I am NOT a runner

I am NOT a runnerI am NOT a runner. 

I cannot even begin to tell you how often I have spoken those very words. Let’s just say that if I had a dollar for every time I spoke them, I would be laying on a beach in Hawaii instead of sitting in my office writing this blog.

Just two years ago I was a very unhealthy woman. I lived on a diet of pop and chips, little sleep, and emotional turmoil. I was trying to balance work, parenting a teenager and three children under six, and adjust to my husband starting a job where he worked away. On top of that, I was trying to cope with the grief of losing several close family members during a very short period of time. I usually did this by smoking like a chimney and trying to sleep whenever I could possibly manage.

Over and over and over I told myself –

I can’t do this!

I desperately wanted time to just swallow me up whole and make the world stop for a while. I was terribly unhappy.

And then my miracle happened. It came in the form of a sign advertising a Bootcamp being offered at a local park.

Long story short, I joined. The first night I had to do a fitness test.

I couldn’t run.

I couldn’t do a sit up.

I couldn’t do a push up.

I was embarrassed. I wanted to cry. I screamed in my head –

I can’t do this!

The trainer, Krista, looked at me and said – that’s OK. It will get better. The other people in the group, they encouraged me to keep trying, to keep working, that I could do it. They were so loud they drowned out the voice in my head. And somewhere along the line, I started to believe them. Soon, whenever I encountered struggles, I reminded myself

I CAN do this!

And over time, I discovered that yes, I could do it. I could be a great Mom and Wife. I could quit smoking. I could change my lifestyle. A year and a half later I completed a 10k run with some great ladies and had a blast doing the Zombie Run put on by a local gym.

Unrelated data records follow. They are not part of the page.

theorem corollary3p9:
  fixes p :: nat
    and Xo :: "nat \<Rightarrow> 'a set" and Xa :: "nat \<Rightarrow> nat \<Rightarrow> mat \<Rightarrow> 'a \<Rightarrow> 'a"
    and Yo :: "nat \<Rightarrow> 'b set" and Ya :: "nat \<Rightarrow> nat \<Rightarrow> mat \<Rightarrow> 'b \<Rightarrow> 'b"
  assumes "prime p"
    and "presheaf p Xo Xa" and "presheaf p Yo Ya"
    and "\<forall>n. finite (Xo n)"
    and "finite_presheaf TYPE('v) p Yo Ya"
  shows "finite (Hom p Xo Xa Yo Ya)"
proof -
  obtain Fo :: "nat \<Rightarrow> 'v set" and Fa add z sm \<iota>
    where F: "vs_presheaf p Fo Fa add z sm" and series: "has_comp_series p Fo Fa add z sm"
      and \<iota>: "nat_trans p Yo Ya Fo Fa \<iota>" "\<forall>n. inj_on (\<iota> n) (Yo n)"
    using assms(5) unfolding finite_presheaf_def by blast
  interpret linear_presheaf p Fo Fa add z sm
    using F prime_gt_1_nat[OF assms(1)] by unfold_locales
  obtain D where D: "\<And>n. Fo n \<inter> low_kernel D n \<subseteq> {z n}"
    using low_kernel_vanishes[OF series] by blast
  have "finite (Yo n)" for n
    using finite_Fo[OF series] \<iota> unfolding nat_trans_def
    by (metis finite_imageD finite_subset image_subsetI)
  then show ?thesis
    by (rule finite_Hom_if_determined_below[OF assms(4)[rule_format]])
      (rule Hom_eq_if_eq_below[OF D \<iota>])
qed

end
(* Let $v$ be a weight on $[0,1)$ satisfying $\lim_{r\to1^-}v(r)=0$. For each $t\in[0,1)$ both operators $C_t\colon H^\infty_v\to H^\infty_v$ and $C_t\colon H^0_v\to H^0_v$ are compact.
   Context: $\mathbb{D}=\{z\in\mathbb{C}:|z|<1\}$ and $H(\mathbb{D})$ is the space of holomorphic functions on $\mathbb{D}$. A weight is a continuous non-increasing function $v\colon[0,1)\to(0,\infty)$, extended to $\mathbb{D}$ by $v(z):=v(|z|)$. $H^\infty_v=\{f\in H(\mathbb{D}):\|f\|_{\infty,v}:=\sup_{z\in\mathbb{D}}|f(z)|v(z)<\infty\}$ and $H^0_v=\{f\in H(\mathbb{D}):\lim_{|z|\to1^-}|f(z)|v(z)=0\}$, both with the norm $\|\cdot\|_{\infty,v}$. For $t\in[0,1]$ the generalized Cesàro operator $C_t$ is defined on $f\in H(\mathbb{D})$ by $C_tf(0)=f(0)$ and $C_tf(z)=\frac{1}{z}\int_0^z\frac{f(\xi)}{1-t\xi}\,d\xi$ for $z\in\mathbb{D}\setminus\{0\}$. *)

theory Defs
  imports "HOL-Complex_Analysis.Complex_Analysis"
begin

definition is_weight :: "(real \<Rightarrow> real) \<Rightarrow> bool" where
  "is_weight v \<longleftrightarrow> continuous_on {0..<1} v
     \<and> (\<forall>r s. 0 \<le> r \<and> r \<le> s \<and> s < 1 \<longrightarrow> v s \<le> v r)
     \<and> (\<forall>r. 0 \<le> r \<and> r < 1 \<longrightarrow> 0 < v r)"

definition wnorm :: "(real \<Rightarrow> real) \<Rightarrow> (complex \<Rightarrow> complex) \<Rightarrow> real" where
  "wnorm v f = (SUP z\<in>ball 0 1. norm (f z) * v (norm z))"

definition Hinf :: "(real \<Rightarrow> real) \<Rightarrow> (complex \<Rightarrow> complex) set" where
  "Hinf v = {f. f holomorphic_on ball 0 1
      \<and> bdd_above ((\<lambda>z. norm (f z) * v (norm z)) ` ball 0 1)}"

definition H0 :: "(real \<Rightarrow> real) \<Rightarrow> (complex \<Rightarrow> complex) set" where
  "H0 v = {f. f holomorphic_on ball 0 1
      \<and> (\<forall>e>0. \<exists>r<1. \<forall>z. r < norm z \<and> norm z < 1 \<longrightarrow> norm (f z) * v (norm z) < e)}"

definition cesaro :: "real \<Rightarrow> (complex \<Rightarrow> complex) \<Rightarrow> complex \<Rightarrow> complex" where
  "cesaro t f z = (if z = 0 then f 0
     else contour_integral (linepath 0 z) (\<lambda>\<xi>. f \<xi> / (1 - of_real t * \<xi>)) / z)"

definition compact_op_on :: "(real \<Rightarrow> real) \<Rightarrow> (complex \<Rightarrow> complex) set
    \<Rightarrow> ((complex \<Rightarrow> complex) \<Rightarrow> (complex \<Rightarrow> complex)) \<Rightarrow> bool" where
  "compact_op_on v X T \<longleftrightarrow> (\<forall>f\<in>X. T f \<in> X) \<and>
     (\<forall>F. (\<forall>n. F n \<in> X \<and> wnorm v (F n) \<le> 1) \<longrightarrow>
        (\<exists>(r::nat \<Rightarrow> nat) g. strict_mono r \<and> g \<in> X \<and>
           (\<lambda>n. wnorm v (\<lambda>z. T (F (r n)) z - g z)) \<longlonglongrightarrow> 0))"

Still, those words rang out in my head –

I am NOT a runner.

Everyone told me that yes, I could be a runner. I disagreed and reminded them of my retirement following the 10k.

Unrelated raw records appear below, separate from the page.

theorem q_binomial_theorem:
  assumes "0 < q" "q < 1"
  shows "(\<Sum>k\<le>m. (-1) ^ k * q_binomial q m k * q ^ (k choose 2) * x ^ k) = qpoch x q m"
proof (induction m arbitrary: x)
  case (Suc m)
  have "(-1) ^ Suc k * q ^ (Suc k choose 2) * x ^ Suc k + q ^ k * ((-1) ^ k * q ^ (k choose 2) * x ^ k)
      = (1 - x) * ((-1) ^ k * q ^ (k choose 2) * (q * x) ^ k)" for k
    by (simp add: Suc_choose_two power_add power_mult_distrib algebra_simps)
  then have "(\<Sum>k\<le>Suc m. (-1) ^ k * q_binomial q (Suc m) k * q ^ (k choose 2) * x ^ k)
      = (1 - x) * (\<Sum>k\<le>m. (-1) ^ k * q_binomial q m k * q ^ (k choose 2) * (q * x) ^ k)"
    using sum_q_binomial_Suc[OF assms, of m "\<lambda>k. (-1) ^ k * q ^ (k choose 2) * x ^ k"]
    by (simp add: sum_distrib_left mult_ac)
  then show ?case
    by (simp add: Suc.IH qpoch_Suc_shift mult.commute[of q])
qed (simp add: numeral_2_eq_2)

lemma sum_q_binomial_div_qpoch:
  assumes "0 < q" "q < 1" "0 \<le> a" "a < 1"
  shows "(\<Sum>k\<le>m. q_binomial q m k * q ^ (2 * (k choose 2)) * a ^ k / qpoch a q k) = 1 / qpoch a q m"
  using assms(3,4)
proof (induction m arbitrary: a)
  case (Suc m)
  define T where "T k = q ^ (2 * (k choose 2)) * a ^ k / qpoch a q k" for k
  have aq: "0 \<le> a * q" "a * q < 1"
    using Suc.prems assms mult_left_le[of q a] by auto
  have step: "(1 - a) * (T (Suc k) + q ^ k * T k)
      = q ^ (2 * (k choose 2)) * (a * q) ^ k / qpoch (a * q) q k" (is "_ = ?S k") for k
  proof -
    have pos: "0 < qpoch (a * q) q k" "0 < qpoch a q k"
      using qpoch_pos[OF aq] qpoch_pos[of a q] Suc.prems assms by auto
    have "qpoch a q k * (1 - a * q ^ k) = (1 - a) * qpoch (a * q) q k"
      by (metis qpoch_Suc qpoch_Suc_shift)
    then have split: "(1 - a) / qpoch a q k = (1 - a * q ^ k) / qpoch (a * q) q k"
      using pos by (simp add: field_simps)
    have "(1 - a) * T (Suc k) = ?S k * (a * q ^ k)"
      using Suc.prems pos
      by (simp add: T_def qpoch_Suc_shift Suc_choose_two power_add power_mult_distrib mult_2)
    moreover have "(1 - a) * (q ^ k * T k) = q ^ (2 * (k choose 2)) * (a * q) ^ k * ((1 - a) / qpoch a q k)"
      by (simp add: T_def power_mult_distrib mult_ac)
    then have "(1 - a) * (q ^ k * T k) = ?S k * (1 - a * q ^ k)"
      unfolding split by simp
    ultimately have "(1 - a) * (T (Suc k) + q ^ k * T k) = ?S k * (a * q ^ k + (1 - a * q ^ k))"
      by (simp only: distrib_left)
    then show ?thesis
      by simp
  qed
  define X where "X = (\<Sum>k\<le>Suc m. q_binomial q (Suc m) k * T k)"
  have "(1 - a) * X
      = (\<Sum>k\<le>m. q_binomial q m k * ((1 - a) * (T (Suc k) + q ^ k * T k)))"
    unfolding X_def sum_q_binomial_Suc[OF assms(1,2)] by (simp add: sum_distrib_left mult_ac)
  also have "\<dots> = 1 / qpoch (a * q) q m"
    unfolding step using Suc.IH[OF aq] by (simp add: mult.assoc)
  finally have "X = 1 / ((1 - a) * qpoch (a * q) q m)"
    using Suc.prems qpoch_pos[OF aq, of q m] assms by (simp add: field_simps)
  then show ?case
    by (simp add: X_def T_def qpoch_Suc_shift mult.assoc)
qed (simp add: numeral_2_eq_2)

lemma qpoch_inverse_power:
  assumes "0 < q" "q < 1"
  shows "qpoch (inverse q ^ m) q k
    = (-1) ^ k * inverse q ^ (m * k) * q ^ (k choose 2) * q_binomial q m k * qpoch q q k"
proof -
  have "qpoch (inverse q ^ m) q k = (-1) ^ k * inverse q ^ (m * k) * q ^ (k choose 2) * (\<Prod>t<k. 1 - q ^ (m - t))"
  proof (induction k)
    case (Suc k)
    show ?case
    proof (cases "k \<le> m")
      case True
      then have "1 - inverse q ^ m * q ^ k = - (inverse q ^ m * q ^ k) * (1 - q ^ (m - k))"
        using assms by (simp add: field_simps flip: power_add)
      then show ?thesis
        by (simp add: qpoch_Suc Suc.IH Suc_choose_two power_add mult_ac)
    next
      case False
      then have "qpoch (inverse q ^ m) q k = 0" "qpoch (inverse q ^ m) q (Suc k) = 0"
        using qpoch_inverse_power_eq_0[of q m] assms by auto
      moreover have "(\<Prod>t<Suc k. 1 - q ^ (m - t)) = 0"
        using False by (auto intro!: prod_zero bexI[where x = m])
      ultimately show ?thesis by simp
    qed
  qed (simp add: numeral_2_eq_2)
  moreover have "qpoch q q k \<noteq> 0"
    using qpoch_pos[of q q k] assms by simp
  ultimately show ?thesis
    by (simp add: q_binomial_def)
qed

And then I started running again – to get in shape for a trip we are taking in the spring. And I’ve discovered that what I have believed about myself for years and years, that I am not a runner, is simply not true. It turns out that

I AM a runner. 

Maybe not a fast one, but a runner nonetheless.

 

This got me to thinking . . . why do we spend so much time telling ourselves what we cannot do? Is it fear of trying? Is it fear of failure? Is it the discomfort of moving beyond our comfort zone?

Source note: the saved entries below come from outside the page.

lemma mean_impact_eq_sqrt_variance_cond_exp:
  "mean_impact M X Y = sqrt (variance (cond_exp_given M X Y))"
proof (rule mean_impact_eqI)
  fix \<delta> assume \<delta>: "standardized_transform M X \<delta>"
  then have "\<bar>\<integral>x. \<delta> (X x) * (cond_exp_given M X Y x - expectation Y) \<partial>M\<bar>
      \<le> sqrt (\<integral>x. (\<delta> (X x))\<^sup>2 \<partial>M) * sqrt (\<integral>x. (cond_exp_given M X Y x - expectation Y)\<^sup>2 \<partial>M)"
    using square_integrable_centred_cond_exp_given
    by (intro Cauchy_Schwarz_integral) (auto simp: standardized_transform_def)
  then show "\<bar>\<integral>x. Y x * \<delta> (X x) \<partial>M\<bar> \<le> sqrt (variance (cond_exp_given M X Y))"
    using \<delta> expectation_cond_exp_given[OF square_integrable_imp_integrable[OF Y Y2]]
    by (simp add: integral_standardized_transform_cond_exp_given standardized_transform_def)
next
  show "sqrt (variance (cond_exp_given M X Y)) = 0 \<or> (\<exists>\<delta>. standardized_transform M X \<delta> \<and>
      (\<integral>x. Y x * \<delta> (X x) \<partial>M) = sqrt (variance (cond_exp_given M X Y)))"
  proof (cases "variance (cond_exp_given M X Y) = 0")
    case False
    then obtain \<delta> where "standardized_transform M X \<delta>"
      "(\<integral>x. Y x * \<delta> (X x) \<partial>M) = sqrt (variance (cond_exp_given M X Y))"
      by (rule standardized_transform_attaining_sqrt_variance)
    then show ?thesis
      by blast
  qed simp
qed

end

lemma mean_impact_comp_eq_sqrt_variance:
  assumes g[measurable]: "g \<in> borel_measurable borel" and g2: "integrable M (\<lambda>x. (g (X x))\<^sup>2)"
  shows "mean_impact M X (\<lambda>x. g (X x)) = sqrt (variance (\<lambda>x. g (X x)))"
proof -
  have "integrable M (\<lambda>x. g (X x))"
    by (rule square_integrable_imp_integrable[OF _ g2]) measurable
  then have "AE x in M. cond_exp_given M X (\<lambda>x. g (X x)) x = g (X x)"
    by (rule cond_exp_given_comp[OF g])
  then have "variance (cond_exp_given M X (\<lambda>x. g (X x))) = variance (\<lambda>x. g (X x))"
    by (rule variance_cong_AE[rotated 2]) measurable
  moreover have "mean_impact M X (\<lambda>x. g (X x)) = sqrt (variance (cond_exp_given M X (\<lambda>x. g (X x))))"
    by (rule mean_impact_eq_sqrt_variance_cond_exp[OF _ g2]) measurable
  ultimately show ?thesis
    by simp
qed

end

lemma nn_integral_indep_var:
  assumes ind: "indep_var S X T U" and f: "f \<in> borel_measurable (S \<Otimes>\<^sub>M T)"
  shows "(\<integral>\<^sup>+ x. f (X x, U x) \<partial>M) = (\<integral>\<^sup>+ s. \<integral>\<^sup>+ t. f (s, t) \<partial>distr M T U \<partial>distr M S X)"
proof -
  have X: "X \<in> measurable M S" and U: "U \<in> measurable M T"
    and joint: "distr M S X \<Otimes>\<^sub>M distr M T U = distr M (S \<Otimes>\<^sub>M T) (\<lambda>x. (X x, U x))"
    using ind unfolding indep_var_distribution_eq by auto
  interpret PU: prob_space "distr M T U"
    by (rule prob_space_distr[OF U])
  have "sets (distr M S X \<Otimes>\<^sub>M distr M T U) = sets (S \<Otimes>\<^sub>M T)"
    by (rule sets_pair_measure_cong) simp_all
  from measurable_cong_sets[OF this refl] f
  have "f \<in> borel_measurable (distr M S X \<Otimes>\<^sub>M distr M T U)"
    by simp
  then have "(\<integral>\<^sup>+ s. \<integral>\<^sup>+ t. f (s, t) \<partial>distr M T U \<partial>distr M S X) = integral\<^sup>N (distr M (S \<Otimes>\<^sub>M T) (\<lambda>x. (X x, U x))) f"
    unfolding joint[symmetric] by (rule PU.nn_integral_fst)
  also have "\<dots> = (\<integral>\<^sup>+ x. f (X x, U x) \<partial>M)"
    using X U f by (intro nn_integral_distr) auto
  finally show ?thesis ..
qed

text \<open>E[(g(x) + U)^2] is finite for almost every value x of X; any one such x shows that U
  is square integrable.\<close>
lemma square_integrable_indep_summand:
  fixes X U :: "'a \<Rightarrow> real" and g :: "real \<Rightarrow> real"
  assumes [measurable]: "X \<in> borel_measurable M" "U \<in> borel_measurable M" "g \<in> borel_measurable borel"
    and ind: "indep_var borel X borel U"
    and sum2: "integrable M (\<lambda>x. (g (X x) + U x)\<^sup>2)"
  shows "integrable M (\<lambda>x. (U x)\<^sup>2)"
proof -
  interpret PX: prob_space "distr M borel X"
    by (rule prob_space_distr) simp
  interpret PU: prob_space "distr M borel U"
    by (rule prob_space_distr) simp
  define f where "f p = ennreal ((g (fst p) + snd p)\<^sup>2)" for p :: "real \<times> real"
  have f[measurable]: "f \<in> borel_measurable (borel \<Otimes>\<^sub>M borel)"
    unfolding f_def by measurable
  have "(\<integral>\<^sup>+ s. \<integral>\<^sup>+ t. f (s, t) \<partial>distr M borel U \<partial>distr M borel X) = (\<integral>\<^sup>+ x. f (X x, U x) \<partial>M)"
    by (rule nn_integral_indep_var[OF ind f, symmetric])
  also have "\<dots> = (\<integral>\<^sup>+ x. ennreal ((g (X x) + U x)\<^sup>2) \<partial>M)"
    by (simp add: f_def)
  also have "\<dots> \<noteq> \<infinity>"
    using integrableD(2)[OF sum2] by simp
  finally have "AE s in distr M borel X. (\<integral>\<^sup>+ t. f (s, t) \<partial>distr M borel U) \<noteq> \<infinity>"
    by (intro nn_integral_PInf_AE) measurable
  then have "ae_filter (distr M borel X) = bot \<or> (\<exists>c. (\<integral>\<^sup>+ t. f (c, t) \<partial>distr M borel U) \<noteq> \<infinity>)"
    by (rule eventually_happens)
  moreover have "ae_filter (distr M borel X) \<noteq> bot"
    unfolding trivial_limit_def by simp
  ultimately obtain c where "(\<integral>\<^sup>+ t. f (c, t) \<partial>distr M borel U) \<noteq> \<infinity>"
    by blast
  moreover have "(\<integral>\<^sup>+ t. f (c, t) \<partial>distr M borel U) = (\<integral>\<^sup>+ x. ennreal ((g c + U x)\<^sup>2) \<partial>M)"
    by (subst nn_integral_distr) (simp_all add: f_def)
  ultimately have "integrable M (\<lambda>x. (g c + U x)\<^sup>2)"
    by (intro integrableI_nonneg) (auto simp: top.not_eq_extremum)
  then have "integrable M (\<lambda>x. (g c + U x - g c)\<^sup>2)"
    by (intro square_integrable_diff) auto
  then show ?thesis
    by simp
qed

It is so important to believe in ourselves – to trust that we can accomplish whatever we set our minds to. It’s so important to be open to experiencing the feelings of discomfort and uncertainty that go hand in hand with trying something new. It is so important to surround ourselves with cheerleaders – those people who will tell us over and over that we can indeed do it until suddenly we believe it.

When I look back on the woman I was two years ago, I want to just hug her and tell her it will get better. I want to let her know that she doesn’t need the world to swallow her up – that there are people out there who will believe in her, even though she is not yet ready to. That it will be hard to take that first step, but oh, what a world awaits her once she does!

It’s time to close the door on what I’ve told myself I can’t do for the last several years. I’m not that woman anymore.

 

Are there things you tell yourself you can’t do? Are there ways you prevent yourself from trying new things? Who are the cheerleaders in your life?